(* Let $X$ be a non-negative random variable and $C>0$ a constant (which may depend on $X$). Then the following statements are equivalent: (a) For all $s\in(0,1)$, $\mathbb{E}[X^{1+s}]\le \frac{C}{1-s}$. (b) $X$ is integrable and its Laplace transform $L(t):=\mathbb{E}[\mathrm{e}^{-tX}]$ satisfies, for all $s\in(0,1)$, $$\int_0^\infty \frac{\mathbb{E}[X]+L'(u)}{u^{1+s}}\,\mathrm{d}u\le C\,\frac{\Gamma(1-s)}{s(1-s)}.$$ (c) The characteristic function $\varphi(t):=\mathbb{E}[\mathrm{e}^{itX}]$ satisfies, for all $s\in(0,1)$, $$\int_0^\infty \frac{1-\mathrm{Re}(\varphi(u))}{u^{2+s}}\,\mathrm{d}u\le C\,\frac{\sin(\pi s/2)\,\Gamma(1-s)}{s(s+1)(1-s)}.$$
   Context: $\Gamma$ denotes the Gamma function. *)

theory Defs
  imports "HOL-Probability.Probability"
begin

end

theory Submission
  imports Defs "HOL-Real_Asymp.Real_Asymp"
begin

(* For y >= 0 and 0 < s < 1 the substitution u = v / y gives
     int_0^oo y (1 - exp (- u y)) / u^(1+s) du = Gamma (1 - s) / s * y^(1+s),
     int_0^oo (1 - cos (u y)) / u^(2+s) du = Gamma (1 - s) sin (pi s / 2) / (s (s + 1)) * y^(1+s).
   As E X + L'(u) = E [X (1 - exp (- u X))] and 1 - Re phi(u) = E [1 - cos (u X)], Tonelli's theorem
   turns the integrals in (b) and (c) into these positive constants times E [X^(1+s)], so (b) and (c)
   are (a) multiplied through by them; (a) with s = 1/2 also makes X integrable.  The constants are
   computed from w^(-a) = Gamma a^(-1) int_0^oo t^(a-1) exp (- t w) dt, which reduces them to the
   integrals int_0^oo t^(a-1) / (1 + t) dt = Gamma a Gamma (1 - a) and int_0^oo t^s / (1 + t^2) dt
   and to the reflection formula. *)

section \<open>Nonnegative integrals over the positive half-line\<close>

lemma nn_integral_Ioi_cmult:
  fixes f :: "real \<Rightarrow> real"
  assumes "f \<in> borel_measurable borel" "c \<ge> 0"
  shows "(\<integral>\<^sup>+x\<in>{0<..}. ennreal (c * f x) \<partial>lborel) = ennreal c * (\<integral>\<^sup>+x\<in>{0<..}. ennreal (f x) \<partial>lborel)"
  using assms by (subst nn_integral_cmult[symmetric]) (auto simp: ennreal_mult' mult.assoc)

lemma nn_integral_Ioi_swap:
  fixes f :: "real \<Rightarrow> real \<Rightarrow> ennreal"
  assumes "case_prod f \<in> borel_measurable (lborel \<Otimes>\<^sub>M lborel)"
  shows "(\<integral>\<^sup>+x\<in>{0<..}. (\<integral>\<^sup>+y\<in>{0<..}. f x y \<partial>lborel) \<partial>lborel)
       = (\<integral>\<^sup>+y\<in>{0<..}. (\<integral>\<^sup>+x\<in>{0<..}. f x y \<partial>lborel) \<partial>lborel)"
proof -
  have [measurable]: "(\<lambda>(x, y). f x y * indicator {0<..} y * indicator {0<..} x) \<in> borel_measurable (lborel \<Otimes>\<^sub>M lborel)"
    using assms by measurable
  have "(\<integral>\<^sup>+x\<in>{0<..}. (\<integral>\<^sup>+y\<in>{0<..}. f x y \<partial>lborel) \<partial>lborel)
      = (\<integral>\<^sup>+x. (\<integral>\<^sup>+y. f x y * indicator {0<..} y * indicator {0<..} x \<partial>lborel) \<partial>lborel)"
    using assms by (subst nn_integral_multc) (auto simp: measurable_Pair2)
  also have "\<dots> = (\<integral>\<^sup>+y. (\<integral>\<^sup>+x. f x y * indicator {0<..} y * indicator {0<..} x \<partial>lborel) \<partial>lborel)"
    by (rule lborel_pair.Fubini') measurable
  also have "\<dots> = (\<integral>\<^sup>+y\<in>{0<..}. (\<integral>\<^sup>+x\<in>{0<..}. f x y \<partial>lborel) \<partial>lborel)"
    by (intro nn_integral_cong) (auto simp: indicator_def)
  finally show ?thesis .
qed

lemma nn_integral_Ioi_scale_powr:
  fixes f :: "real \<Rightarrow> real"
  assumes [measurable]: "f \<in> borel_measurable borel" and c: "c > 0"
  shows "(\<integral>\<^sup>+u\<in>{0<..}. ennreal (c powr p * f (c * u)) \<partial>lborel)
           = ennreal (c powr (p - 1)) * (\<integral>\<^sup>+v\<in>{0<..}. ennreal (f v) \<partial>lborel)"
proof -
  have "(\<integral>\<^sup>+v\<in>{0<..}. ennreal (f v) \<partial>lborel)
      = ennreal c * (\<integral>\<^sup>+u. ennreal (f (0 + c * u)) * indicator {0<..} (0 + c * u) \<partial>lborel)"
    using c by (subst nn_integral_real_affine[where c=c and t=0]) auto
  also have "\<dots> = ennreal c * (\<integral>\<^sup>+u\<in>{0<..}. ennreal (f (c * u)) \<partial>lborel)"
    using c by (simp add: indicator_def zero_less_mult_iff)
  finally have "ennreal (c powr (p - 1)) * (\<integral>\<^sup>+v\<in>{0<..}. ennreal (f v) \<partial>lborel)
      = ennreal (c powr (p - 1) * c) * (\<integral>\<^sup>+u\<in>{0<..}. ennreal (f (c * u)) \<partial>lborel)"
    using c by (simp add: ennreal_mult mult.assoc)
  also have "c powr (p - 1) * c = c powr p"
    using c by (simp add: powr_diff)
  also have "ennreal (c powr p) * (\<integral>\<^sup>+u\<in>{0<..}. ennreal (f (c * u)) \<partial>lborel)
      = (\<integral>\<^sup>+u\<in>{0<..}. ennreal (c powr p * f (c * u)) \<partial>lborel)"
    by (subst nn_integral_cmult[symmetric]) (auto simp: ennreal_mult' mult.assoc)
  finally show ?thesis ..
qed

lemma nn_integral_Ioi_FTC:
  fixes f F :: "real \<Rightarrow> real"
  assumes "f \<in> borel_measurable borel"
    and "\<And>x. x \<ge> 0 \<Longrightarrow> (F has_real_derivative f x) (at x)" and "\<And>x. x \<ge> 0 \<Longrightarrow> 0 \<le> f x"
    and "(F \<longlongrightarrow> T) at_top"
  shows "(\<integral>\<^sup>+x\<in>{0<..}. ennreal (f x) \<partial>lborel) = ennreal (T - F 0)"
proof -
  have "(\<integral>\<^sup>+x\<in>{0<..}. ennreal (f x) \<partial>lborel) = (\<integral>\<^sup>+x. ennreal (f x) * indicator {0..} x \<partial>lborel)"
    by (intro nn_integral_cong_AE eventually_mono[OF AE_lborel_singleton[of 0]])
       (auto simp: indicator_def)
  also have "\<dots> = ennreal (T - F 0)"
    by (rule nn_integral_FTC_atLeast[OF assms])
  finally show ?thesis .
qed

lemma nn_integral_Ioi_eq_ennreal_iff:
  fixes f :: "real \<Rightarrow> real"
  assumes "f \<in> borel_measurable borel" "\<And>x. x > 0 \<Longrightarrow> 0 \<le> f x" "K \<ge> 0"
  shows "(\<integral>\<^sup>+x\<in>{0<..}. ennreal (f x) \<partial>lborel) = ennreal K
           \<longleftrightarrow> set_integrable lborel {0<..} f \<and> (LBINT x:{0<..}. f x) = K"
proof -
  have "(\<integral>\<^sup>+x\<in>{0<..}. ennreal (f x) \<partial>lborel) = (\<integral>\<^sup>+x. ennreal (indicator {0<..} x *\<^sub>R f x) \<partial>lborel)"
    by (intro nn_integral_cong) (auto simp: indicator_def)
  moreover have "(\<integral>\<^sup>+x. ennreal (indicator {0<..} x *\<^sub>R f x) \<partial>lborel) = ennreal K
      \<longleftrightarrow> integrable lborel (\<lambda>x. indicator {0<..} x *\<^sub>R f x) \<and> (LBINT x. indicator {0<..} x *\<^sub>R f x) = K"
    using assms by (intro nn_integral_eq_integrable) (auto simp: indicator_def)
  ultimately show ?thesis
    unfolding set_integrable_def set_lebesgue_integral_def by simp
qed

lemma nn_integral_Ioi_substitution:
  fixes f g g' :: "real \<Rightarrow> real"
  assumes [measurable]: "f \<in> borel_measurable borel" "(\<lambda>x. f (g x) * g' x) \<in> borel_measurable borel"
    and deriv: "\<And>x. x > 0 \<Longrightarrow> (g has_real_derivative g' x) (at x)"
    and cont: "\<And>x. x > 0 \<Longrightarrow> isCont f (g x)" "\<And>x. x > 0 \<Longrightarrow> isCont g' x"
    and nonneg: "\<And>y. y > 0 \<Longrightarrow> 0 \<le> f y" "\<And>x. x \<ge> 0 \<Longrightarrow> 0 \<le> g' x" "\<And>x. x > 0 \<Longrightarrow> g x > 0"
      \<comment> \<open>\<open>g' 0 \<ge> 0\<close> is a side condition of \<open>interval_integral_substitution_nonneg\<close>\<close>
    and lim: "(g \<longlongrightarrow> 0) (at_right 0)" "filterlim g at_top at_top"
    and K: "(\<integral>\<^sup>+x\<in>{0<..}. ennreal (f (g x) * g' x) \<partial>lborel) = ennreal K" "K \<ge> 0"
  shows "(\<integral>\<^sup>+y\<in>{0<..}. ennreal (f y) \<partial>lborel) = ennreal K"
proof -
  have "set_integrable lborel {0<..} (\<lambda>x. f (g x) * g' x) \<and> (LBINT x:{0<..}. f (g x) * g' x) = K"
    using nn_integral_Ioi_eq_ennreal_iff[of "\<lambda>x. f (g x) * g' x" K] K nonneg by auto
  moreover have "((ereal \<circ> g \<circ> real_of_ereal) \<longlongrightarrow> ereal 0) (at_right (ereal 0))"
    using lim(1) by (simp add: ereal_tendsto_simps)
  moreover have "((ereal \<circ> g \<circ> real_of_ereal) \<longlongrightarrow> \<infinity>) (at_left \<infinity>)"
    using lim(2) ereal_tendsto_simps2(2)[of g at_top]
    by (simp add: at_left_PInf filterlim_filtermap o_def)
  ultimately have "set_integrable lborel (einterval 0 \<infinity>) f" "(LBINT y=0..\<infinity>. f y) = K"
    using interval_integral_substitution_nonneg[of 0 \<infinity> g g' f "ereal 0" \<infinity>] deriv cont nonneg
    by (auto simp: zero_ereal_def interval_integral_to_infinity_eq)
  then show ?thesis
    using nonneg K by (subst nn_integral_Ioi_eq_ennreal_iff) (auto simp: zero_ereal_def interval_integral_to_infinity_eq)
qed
───
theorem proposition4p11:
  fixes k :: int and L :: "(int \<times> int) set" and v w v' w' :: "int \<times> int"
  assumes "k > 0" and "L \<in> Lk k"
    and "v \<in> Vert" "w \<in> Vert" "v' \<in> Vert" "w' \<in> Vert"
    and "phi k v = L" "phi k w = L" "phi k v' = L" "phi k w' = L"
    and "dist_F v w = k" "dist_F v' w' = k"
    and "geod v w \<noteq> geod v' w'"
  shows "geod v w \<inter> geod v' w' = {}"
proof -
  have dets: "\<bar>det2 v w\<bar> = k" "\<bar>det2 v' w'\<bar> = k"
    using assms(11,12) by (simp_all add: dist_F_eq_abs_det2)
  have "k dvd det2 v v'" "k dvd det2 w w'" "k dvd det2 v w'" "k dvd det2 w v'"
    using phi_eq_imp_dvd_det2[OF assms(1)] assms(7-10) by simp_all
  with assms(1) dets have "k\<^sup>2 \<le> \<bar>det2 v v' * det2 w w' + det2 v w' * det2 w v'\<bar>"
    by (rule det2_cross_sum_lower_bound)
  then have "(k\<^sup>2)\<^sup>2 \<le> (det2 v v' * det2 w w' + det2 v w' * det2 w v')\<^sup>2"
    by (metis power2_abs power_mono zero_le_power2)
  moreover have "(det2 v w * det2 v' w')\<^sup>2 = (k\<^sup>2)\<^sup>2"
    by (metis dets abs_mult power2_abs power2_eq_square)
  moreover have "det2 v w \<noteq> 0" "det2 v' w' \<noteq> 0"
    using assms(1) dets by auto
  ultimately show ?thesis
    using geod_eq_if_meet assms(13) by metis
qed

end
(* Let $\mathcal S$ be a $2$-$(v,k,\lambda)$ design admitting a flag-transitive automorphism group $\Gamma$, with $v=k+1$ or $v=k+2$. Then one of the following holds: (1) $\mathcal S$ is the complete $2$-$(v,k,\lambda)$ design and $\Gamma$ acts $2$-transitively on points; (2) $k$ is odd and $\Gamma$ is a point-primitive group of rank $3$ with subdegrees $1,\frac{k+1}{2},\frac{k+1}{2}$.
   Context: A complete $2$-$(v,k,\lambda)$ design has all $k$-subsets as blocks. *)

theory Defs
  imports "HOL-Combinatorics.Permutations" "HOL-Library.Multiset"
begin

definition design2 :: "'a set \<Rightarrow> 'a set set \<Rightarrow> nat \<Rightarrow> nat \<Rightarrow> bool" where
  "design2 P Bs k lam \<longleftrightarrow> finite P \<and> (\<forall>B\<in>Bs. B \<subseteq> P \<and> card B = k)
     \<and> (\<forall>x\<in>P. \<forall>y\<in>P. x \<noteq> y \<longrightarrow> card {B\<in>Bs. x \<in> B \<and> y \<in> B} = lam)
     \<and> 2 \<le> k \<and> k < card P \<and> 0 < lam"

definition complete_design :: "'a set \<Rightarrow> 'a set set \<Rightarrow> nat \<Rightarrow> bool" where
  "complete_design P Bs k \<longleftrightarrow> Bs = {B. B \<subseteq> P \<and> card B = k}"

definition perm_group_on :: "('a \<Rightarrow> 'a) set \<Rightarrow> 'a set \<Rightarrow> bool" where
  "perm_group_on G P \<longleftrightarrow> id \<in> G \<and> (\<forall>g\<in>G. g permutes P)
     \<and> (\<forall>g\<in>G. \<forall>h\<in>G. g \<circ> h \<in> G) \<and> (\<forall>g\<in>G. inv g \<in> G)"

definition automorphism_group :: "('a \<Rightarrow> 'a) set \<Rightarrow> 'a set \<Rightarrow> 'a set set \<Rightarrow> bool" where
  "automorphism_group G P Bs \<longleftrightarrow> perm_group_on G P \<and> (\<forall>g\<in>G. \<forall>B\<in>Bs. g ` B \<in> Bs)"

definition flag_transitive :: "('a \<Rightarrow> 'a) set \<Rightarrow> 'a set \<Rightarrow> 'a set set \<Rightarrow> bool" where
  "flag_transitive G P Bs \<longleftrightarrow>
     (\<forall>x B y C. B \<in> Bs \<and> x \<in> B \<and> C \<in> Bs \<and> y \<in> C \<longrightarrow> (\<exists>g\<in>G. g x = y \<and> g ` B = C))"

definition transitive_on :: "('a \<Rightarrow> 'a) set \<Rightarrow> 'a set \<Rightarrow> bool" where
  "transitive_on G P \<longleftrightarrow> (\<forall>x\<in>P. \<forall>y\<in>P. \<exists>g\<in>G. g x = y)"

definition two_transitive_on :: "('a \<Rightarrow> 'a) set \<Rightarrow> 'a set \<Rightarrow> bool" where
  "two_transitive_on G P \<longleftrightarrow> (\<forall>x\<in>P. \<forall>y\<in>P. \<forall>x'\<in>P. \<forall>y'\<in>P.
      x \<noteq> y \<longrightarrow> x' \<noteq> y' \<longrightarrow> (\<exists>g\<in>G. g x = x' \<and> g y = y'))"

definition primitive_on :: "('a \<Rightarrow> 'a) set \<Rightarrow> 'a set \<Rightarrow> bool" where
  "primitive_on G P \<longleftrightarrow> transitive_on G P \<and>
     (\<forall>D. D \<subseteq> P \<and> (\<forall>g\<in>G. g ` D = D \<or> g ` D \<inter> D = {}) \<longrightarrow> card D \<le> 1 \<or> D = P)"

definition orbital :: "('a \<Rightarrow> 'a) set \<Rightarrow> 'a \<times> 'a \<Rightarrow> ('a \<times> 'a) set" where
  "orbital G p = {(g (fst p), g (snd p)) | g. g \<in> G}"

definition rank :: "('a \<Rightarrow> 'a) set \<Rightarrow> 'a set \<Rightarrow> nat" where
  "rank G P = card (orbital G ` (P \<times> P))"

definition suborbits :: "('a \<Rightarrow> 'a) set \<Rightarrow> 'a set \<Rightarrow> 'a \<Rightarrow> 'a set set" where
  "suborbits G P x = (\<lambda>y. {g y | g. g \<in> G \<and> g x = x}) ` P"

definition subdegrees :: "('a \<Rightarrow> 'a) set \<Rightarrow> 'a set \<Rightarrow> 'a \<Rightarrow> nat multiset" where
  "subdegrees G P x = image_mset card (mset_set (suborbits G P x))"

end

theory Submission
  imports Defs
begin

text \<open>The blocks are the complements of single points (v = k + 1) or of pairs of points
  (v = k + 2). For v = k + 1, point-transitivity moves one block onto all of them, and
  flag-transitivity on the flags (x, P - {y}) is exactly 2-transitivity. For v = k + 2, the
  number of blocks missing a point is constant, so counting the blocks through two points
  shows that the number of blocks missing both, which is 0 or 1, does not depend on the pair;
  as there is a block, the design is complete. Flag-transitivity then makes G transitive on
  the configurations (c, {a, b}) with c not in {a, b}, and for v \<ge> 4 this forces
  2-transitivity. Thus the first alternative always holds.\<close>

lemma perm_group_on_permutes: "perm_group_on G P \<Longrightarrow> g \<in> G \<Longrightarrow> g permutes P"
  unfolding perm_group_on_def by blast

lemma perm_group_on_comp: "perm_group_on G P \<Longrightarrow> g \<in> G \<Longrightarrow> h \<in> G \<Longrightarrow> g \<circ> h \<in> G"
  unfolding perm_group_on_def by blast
───
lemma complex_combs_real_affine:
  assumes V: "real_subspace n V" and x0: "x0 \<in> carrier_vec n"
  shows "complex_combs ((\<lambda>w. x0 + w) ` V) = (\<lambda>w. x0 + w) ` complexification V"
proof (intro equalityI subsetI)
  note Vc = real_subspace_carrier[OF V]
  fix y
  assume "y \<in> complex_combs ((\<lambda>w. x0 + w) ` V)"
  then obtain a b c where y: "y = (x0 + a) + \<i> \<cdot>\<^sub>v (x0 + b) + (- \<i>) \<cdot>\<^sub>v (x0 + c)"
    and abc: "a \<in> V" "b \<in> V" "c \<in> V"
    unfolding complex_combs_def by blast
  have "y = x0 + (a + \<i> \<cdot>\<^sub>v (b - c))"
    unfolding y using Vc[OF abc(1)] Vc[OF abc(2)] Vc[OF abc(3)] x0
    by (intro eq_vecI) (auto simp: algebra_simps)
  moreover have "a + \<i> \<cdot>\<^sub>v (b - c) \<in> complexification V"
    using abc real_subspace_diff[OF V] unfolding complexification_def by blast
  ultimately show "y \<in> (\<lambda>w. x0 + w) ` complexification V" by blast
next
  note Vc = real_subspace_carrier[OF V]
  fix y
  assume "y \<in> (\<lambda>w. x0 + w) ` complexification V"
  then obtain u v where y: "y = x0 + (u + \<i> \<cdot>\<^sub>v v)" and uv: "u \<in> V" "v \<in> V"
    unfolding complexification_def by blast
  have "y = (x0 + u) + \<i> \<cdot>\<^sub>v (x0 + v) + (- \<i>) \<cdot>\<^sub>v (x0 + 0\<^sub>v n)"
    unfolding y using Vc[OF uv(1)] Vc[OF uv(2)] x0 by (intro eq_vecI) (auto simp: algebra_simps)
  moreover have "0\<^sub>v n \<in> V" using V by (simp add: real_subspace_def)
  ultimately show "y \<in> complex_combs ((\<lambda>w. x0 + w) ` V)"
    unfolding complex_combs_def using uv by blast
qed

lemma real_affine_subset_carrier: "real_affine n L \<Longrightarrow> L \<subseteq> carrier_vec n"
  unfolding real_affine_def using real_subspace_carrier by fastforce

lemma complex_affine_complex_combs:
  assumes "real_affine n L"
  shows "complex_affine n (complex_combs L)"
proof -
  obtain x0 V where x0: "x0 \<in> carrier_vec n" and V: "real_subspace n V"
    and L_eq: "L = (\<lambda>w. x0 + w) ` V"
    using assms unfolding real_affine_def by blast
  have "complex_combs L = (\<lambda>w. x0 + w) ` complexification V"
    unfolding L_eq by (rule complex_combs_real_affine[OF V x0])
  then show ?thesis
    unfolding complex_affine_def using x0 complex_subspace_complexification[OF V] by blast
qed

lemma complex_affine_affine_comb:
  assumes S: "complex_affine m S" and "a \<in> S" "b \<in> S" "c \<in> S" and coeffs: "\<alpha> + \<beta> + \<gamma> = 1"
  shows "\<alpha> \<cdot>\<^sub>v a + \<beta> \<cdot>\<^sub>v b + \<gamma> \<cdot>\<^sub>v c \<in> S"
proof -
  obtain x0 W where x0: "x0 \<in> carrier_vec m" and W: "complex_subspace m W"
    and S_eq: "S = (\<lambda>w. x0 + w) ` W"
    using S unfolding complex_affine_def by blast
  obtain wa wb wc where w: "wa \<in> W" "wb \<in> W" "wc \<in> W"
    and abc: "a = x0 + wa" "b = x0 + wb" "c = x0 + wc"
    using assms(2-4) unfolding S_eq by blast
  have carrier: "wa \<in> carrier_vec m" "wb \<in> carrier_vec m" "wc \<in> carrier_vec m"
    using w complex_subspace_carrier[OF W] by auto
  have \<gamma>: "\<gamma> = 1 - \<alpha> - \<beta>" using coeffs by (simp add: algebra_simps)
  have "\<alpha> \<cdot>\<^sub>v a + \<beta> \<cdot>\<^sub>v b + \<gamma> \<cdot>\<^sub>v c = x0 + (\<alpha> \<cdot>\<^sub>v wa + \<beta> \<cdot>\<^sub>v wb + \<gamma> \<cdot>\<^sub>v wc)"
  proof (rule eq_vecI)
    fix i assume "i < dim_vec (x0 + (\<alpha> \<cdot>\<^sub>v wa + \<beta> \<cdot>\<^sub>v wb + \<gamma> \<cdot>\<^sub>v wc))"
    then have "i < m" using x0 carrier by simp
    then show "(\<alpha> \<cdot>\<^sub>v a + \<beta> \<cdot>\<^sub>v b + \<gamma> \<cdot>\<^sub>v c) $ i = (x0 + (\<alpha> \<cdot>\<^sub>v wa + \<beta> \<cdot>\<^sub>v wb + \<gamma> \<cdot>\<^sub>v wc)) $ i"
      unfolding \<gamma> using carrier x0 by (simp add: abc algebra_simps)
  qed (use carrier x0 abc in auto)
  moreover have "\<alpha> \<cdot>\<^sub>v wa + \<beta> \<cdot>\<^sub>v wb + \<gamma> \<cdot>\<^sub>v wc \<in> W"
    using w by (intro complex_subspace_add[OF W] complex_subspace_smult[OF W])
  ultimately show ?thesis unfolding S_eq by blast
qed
───
* [What the exercise asks]:
Search the preceding listing for "positive", then copy every line that holds it.

* [Reply]:
   turns the integrals in (b) and (c) into these positive constants times E [X^(1+s)], so (b) and (c)
section \<open>Nonnegative integrals over the positive half-line\<close>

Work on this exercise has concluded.